What is required> The lines to copy are those holding the string "symmetric" in the entries below.
Supplied material below:
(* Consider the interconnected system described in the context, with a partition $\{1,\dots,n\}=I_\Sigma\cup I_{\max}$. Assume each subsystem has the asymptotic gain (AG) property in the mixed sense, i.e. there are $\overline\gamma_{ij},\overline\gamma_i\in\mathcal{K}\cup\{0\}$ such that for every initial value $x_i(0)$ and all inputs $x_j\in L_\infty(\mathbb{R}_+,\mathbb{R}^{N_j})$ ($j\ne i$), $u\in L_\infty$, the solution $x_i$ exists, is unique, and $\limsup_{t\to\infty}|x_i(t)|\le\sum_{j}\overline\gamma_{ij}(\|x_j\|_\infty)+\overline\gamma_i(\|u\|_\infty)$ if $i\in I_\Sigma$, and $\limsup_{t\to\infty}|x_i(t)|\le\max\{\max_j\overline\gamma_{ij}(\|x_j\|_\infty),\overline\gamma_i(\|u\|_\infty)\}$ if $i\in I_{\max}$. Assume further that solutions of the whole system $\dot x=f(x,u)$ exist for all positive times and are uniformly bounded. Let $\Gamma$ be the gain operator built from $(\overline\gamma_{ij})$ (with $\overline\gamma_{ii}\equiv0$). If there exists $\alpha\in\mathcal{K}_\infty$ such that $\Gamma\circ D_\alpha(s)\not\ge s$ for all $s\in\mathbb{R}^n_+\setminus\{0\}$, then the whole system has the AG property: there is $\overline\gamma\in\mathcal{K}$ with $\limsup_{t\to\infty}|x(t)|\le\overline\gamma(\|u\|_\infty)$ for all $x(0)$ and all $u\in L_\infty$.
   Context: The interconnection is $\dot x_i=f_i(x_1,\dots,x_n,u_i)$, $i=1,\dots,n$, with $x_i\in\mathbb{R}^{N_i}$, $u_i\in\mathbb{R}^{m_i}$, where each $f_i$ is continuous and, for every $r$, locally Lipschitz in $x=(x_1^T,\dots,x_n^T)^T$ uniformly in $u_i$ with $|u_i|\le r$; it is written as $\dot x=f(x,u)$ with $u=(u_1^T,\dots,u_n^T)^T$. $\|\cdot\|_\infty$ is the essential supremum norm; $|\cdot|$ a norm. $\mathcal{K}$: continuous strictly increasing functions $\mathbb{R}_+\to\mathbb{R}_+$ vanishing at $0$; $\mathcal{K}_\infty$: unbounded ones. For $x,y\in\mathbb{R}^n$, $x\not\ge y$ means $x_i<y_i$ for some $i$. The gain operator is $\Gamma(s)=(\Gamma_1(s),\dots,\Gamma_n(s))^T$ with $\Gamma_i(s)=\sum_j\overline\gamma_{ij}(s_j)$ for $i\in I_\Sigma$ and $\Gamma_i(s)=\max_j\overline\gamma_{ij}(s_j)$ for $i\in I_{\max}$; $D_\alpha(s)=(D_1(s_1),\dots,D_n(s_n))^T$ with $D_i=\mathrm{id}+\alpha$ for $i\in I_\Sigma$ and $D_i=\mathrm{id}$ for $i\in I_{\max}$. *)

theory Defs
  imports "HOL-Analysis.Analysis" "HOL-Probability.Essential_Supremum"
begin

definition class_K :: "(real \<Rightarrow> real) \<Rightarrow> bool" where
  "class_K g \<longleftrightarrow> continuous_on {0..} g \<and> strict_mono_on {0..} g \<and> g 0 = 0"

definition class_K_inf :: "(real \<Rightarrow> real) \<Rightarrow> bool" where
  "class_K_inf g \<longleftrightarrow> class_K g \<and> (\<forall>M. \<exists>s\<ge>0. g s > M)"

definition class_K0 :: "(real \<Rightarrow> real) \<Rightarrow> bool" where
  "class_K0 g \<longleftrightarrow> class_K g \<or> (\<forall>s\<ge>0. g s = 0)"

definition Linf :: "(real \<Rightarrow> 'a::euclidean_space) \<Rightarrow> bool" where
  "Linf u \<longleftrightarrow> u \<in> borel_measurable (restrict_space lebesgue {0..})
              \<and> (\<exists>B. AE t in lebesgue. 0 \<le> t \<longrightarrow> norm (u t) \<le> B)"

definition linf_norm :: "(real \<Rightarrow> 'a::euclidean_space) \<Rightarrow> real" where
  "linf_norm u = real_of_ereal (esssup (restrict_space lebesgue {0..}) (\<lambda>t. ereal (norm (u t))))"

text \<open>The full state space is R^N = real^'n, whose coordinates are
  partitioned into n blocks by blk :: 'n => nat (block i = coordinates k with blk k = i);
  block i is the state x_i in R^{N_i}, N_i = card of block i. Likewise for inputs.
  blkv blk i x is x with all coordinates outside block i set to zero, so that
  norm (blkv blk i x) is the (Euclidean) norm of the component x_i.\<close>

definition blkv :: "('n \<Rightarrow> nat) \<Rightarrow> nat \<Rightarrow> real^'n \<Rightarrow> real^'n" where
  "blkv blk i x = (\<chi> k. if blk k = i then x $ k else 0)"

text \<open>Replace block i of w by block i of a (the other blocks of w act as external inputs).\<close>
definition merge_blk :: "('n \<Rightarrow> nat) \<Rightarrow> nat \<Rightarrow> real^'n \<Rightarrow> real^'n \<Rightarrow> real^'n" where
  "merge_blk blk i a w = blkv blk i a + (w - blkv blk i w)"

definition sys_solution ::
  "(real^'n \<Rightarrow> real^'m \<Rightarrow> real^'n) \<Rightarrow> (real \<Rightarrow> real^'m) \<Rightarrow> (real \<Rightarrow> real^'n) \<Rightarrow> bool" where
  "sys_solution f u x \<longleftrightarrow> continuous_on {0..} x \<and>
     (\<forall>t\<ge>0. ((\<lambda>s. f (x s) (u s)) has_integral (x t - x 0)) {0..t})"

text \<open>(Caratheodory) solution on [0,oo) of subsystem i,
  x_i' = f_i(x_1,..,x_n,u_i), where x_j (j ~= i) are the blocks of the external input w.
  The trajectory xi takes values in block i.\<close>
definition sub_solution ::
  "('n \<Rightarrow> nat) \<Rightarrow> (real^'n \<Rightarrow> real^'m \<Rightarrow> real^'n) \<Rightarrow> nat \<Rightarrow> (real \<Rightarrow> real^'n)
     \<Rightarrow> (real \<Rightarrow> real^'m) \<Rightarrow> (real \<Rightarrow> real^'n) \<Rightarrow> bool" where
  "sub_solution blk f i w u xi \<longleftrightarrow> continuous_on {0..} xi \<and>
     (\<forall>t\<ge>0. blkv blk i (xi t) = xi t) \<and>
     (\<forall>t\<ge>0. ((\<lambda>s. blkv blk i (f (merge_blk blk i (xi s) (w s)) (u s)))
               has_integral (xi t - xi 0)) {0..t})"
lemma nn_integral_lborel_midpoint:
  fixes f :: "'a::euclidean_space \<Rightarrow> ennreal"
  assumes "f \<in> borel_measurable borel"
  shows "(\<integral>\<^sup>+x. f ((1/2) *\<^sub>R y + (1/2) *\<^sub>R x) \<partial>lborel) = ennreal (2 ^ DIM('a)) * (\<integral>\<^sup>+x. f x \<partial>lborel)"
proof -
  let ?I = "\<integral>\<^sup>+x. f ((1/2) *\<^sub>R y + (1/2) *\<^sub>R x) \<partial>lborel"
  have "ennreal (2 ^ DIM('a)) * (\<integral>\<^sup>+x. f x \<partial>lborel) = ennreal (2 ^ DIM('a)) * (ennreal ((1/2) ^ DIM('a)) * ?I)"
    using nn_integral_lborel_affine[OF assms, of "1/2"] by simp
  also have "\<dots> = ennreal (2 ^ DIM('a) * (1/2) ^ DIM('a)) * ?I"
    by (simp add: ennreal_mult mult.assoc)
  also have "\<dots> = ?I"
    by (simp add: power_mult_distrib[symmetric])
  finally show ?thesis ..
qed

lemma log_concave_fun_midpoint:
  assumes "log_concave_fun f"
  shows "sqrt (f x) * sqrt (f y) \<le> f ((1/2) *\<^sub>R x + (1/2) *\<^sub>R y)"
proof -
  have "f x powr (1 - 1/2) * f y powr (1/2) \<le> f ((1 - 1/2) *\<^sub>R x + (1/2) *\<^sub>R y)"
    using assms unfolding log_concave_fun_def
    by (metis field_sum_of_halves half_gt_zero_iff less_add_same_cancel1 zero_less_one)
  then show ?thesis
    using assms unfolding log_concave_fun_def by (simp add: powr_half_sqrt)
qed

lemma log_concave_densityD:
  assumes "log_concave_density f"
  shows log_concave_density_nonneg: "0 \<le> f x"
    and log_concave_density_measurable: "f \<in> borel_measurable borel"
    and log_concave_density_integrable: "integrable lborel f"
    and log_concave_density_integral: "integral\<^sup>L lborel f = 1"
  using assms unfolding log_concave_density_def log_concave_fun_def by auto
End of Supplied material.
Supplied material below:
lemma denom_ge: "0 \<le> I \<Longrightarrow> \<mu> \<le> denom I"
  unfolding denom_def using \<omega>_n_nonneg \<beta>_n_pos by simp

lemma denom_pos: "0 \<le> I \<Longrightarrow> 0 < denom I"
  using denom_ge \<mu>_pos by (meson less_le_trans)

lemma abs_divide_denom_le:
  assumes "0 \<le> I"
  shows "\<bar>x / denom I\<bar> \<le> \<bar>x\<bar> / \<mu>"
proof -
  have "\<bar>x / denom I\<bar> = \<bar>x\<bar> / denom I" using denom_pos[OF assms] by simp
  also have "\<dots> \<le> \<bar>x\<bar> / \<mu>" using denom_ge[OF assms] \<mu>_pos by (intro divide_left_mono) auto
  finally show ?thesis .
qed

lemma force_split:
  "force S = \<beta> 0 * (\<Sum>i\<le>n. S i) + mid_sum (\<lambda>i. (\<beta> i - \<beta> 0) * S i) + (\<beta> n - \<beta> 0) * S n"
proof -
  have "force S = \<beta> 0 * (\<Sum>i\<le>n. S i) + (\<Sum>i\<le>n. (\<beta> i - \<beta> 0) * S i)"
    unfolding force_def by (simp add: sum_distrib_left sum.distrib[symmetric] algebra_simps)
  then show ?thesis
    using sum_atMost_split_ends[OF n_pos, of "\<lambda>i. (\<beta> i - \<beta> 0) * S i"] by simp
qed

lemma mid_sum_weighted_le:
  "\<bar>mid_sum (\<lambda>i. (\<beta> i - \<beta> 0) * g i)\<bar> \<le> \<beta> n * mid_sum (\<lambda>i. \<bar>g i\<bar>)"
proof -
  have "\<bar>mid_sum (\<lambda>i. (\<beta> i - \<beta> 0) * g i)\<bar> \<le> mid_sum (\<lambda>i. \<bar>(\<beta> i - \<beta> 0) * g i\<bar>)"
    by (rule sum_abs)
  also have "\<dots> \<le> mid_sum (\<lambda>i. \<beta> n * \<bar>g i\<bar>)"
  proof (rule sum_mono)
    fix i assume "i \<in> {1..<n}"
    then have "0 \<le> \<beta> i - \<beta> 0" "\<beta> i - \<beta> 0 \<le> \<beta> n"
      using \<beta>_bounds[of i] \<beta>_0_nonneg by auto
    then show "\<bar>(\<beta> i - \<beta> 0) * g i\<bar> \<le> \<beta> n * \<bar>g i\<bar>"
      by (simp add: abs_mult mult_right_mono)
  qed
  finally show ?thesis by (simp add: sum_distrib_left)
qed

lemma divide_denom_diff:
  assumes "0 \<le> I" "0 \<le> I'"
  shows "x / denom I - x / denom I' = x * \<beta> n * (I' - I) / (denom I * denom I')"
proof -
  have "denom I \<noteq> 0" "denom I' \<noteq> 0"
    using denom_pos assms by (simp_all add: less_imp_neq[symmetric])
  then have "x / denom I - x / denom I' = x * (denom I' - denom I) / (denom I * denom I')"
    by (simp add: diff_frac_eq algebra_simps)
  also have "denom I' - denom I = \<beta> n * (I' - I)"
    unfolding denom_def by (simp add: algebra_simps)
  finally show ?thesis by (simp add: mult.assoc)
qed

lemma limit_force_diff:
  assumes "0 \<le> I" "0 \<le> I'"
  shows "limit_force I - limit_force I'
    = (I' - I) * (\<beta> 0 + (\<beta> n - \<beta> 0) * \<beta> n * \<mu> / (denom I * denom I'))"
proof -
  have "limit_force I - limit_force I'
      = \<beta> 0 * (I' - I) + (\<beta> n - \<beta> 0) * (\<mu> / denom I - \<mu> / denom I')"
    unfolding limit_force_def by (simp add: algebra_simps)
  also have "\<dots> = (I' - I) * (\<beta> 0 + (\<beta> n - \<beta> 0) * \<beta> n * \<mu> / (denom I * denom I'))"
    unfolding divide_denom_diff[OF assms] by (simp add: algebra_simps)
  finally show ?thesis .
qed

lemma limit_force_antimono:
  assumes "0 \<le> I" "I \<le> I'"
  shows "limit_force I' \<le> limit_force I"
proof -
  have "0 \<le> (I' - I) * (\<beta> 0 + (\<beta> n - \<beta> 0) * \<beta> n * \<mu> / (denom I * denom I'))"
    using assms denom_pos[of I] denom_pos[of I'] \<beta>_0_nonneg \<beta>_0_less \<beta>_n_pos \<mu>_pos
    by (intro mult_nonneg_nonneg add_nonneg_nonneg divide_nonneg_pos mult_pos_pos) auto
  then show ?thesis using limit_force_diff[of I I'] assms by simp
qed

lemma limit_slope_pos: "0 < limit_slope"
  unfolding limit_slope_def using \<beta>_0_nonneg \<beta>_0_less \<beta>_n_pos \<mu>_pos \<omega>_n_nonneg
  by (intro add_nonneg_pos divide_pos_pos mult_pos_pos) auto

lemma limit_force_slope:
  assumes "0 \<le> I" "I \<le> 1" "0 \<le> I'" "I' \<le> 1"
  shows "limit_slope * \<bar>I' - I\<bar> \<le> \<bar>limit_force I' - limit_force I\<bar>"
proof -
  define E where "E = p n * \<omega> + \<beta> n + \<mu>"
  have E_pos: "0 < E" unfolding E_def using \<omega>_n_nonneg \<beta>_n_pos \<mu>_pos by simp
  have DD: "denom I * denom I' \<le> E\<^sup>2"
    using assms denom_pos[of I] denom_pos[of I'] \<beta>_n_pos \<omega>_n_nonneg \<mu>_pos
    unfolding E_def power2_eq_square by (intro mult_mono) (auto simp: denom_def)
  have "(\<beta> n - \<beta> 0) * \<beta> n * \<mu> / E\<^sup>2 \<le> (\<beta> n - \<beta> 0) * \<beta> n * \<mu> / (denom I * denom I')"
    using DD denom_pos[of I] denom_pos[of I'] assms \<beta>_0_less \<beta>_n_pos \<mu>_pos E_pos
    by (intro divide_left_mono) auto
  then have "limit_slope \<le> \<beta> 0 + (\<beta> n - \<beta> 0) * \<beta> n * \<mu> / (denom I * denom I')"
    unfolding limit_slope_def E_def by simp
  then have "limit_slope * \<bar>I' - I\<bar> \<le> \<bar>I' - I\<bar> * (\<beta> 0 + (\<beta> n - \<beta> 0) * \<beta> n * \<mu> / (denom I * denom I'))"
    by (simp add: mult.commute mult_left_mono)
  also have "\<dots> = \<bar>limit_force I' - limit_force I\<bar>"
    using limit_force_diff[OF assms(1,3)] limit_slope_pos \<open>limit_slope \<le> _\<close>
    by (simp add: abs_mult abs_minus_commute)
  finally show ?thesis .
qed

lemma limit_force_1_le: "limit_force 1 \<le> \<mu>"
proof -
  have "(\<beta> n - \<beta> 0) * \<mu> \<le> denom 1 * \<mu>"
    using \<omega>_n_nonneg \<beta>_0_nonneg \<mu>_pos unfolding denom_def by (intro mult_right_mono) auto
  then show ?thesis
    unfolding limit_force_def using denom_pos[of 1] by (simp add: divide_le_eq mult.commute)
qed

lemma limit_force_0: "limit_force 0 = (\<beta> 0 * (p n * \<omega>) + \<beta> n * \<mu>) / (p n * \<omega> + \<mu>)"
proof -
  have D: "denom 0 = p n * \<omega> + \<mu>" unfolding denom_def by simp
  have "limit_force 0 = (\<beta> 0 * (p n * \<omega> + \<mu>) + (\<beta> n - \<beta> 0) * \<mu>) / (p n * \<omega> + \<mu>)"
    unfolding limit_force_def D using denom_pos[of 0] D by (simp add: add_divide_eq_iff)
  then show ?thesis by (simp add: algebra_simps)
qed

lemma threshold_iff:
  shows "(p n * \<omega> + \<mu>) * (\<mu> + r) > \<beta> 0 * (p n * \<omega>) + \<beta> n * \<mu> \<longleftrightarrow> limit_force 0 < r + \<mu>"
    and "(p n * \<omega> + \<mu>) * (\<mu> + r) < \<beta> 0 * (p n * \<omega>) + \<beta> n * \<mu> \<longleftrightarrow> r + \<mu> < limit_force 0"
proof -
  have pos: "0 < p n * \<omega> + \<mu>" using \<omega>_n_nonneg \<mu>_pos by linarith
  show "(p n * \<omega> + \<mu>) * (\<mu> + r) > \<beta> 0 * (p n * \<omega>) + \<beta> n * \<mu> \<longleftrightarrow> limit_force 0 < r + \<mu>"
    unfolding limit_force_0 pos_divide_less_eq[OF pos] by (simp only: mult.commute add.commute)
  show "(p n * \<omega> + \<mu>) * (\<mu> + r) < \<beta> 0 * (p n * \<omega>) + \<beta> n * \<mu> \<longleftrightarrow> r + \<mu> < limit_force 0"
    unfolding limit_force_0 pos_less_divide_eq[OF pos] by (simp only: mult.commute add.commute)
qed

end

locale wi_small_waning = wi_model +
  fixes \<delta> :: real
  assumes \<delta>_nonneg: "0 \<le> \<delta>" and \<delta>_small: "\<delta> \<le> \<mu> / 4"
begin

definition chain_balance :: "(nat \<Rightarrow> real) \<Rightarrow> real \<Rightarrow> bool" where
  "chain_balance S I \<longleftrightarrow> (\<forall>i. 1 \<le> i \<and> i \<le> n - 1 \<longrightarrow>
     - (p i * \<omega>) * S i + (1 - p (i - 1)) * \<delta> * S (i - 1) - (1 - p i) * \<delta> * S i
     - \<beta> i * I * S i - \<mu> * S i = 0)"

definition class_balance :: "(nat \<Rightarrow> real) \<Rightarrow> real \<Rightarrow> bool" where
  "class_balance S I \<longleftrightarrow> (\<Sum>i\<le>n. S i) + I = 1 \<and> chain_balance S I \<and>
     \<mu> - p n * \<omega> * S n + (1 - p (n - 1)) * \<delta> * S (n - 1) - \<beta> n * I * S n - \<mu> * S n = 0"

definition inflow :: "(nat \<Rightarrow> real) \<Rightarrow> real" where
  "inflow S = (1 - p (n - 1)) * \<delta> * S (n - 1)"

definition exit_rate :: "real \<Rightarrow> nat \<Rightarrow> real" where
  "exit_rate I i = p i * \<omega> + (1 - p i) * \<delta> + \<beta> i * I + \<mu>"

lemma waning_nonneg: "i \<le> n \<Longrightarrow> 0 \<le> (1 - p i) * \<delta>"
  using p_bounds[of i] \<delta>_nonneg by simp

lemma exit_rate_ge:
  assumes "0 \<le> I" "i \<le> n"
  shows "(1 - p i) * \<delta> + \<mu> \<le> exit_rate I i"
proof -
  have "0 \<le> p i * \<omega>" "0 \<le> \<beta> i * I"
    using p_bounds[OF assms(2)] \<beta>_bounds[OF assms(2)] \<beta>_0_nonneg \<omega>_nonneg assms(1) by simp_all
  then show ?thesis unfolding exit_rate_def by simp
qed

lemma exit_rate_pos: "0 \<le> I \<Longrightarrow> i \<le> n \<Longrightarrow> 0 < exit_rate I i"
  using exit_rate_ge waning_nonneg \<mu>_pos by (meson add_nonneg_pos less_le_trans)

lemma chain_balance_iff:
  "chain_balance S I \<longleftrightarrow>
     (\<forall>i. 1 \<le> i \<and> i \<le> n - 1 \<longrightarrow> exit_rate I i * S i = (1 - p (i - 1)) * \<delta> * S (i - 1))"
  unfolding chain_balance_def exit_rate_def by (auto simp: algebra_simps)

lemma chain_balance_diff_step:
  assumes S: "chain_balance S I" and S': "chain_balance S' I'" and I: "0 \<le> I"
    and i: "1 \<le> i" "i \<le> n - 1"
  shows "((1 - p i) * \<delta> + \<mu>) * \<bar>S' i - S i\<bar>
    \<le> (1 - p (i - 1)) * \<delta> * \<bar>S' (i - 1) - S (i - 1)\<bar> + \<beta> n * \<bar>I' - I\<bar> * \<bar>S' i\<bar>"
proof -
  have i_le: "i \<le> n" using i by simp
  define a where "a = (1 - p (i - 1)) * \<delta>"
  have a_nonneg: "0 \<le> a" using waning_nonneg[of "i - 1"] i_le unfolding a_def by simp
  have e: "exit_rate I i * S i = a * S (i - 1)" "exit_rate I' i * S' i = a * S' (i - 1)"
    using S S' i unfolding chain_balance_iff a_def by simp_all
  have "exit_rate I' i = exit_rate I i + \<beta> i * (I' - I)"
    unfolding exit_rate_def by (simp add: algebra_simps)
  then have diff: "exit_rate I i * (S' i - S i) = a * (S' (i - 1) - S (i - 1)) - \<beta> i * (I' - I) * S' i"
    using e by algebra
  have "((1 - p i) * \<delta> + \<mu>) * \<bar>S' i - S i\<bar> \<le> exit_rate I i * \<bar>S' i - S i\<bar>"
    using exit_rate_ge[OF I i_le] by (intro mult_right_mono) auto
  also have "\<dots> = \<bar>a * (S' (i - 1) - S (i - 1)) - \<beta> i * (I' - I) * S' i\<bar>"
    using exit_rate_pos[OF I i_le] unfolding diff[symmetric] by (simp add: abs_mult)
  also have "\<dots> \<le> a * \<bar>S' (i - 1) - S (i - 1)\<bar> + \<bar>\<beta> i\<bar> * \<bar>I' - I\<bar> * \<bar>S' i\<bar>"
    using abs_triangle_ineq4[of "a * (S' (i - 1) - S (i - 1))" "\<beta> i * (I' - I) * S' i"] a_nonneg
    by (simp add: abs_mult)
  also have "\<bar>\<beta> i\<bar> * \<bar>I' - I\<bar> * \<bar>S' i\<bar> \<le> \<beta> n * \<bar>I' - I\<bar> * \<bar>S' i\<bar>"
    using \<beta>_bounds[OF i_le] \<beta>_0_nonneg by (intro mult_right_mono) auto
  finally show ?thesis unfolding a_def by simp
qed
End of Supplied material.
Answer area>
    by (simp add: power_mult_distrib[symmetric])
    unfolding force_def by (simp add: sum_distrib_left sum.distrib[symmetric] algebra_simps)
    using denom_pos assms by (simp_all add: less_imp_neq[symmetric])
    using exit_rate_pos[OF I i_le] unfolding diff[symmetric] by (simp add: abs_mult)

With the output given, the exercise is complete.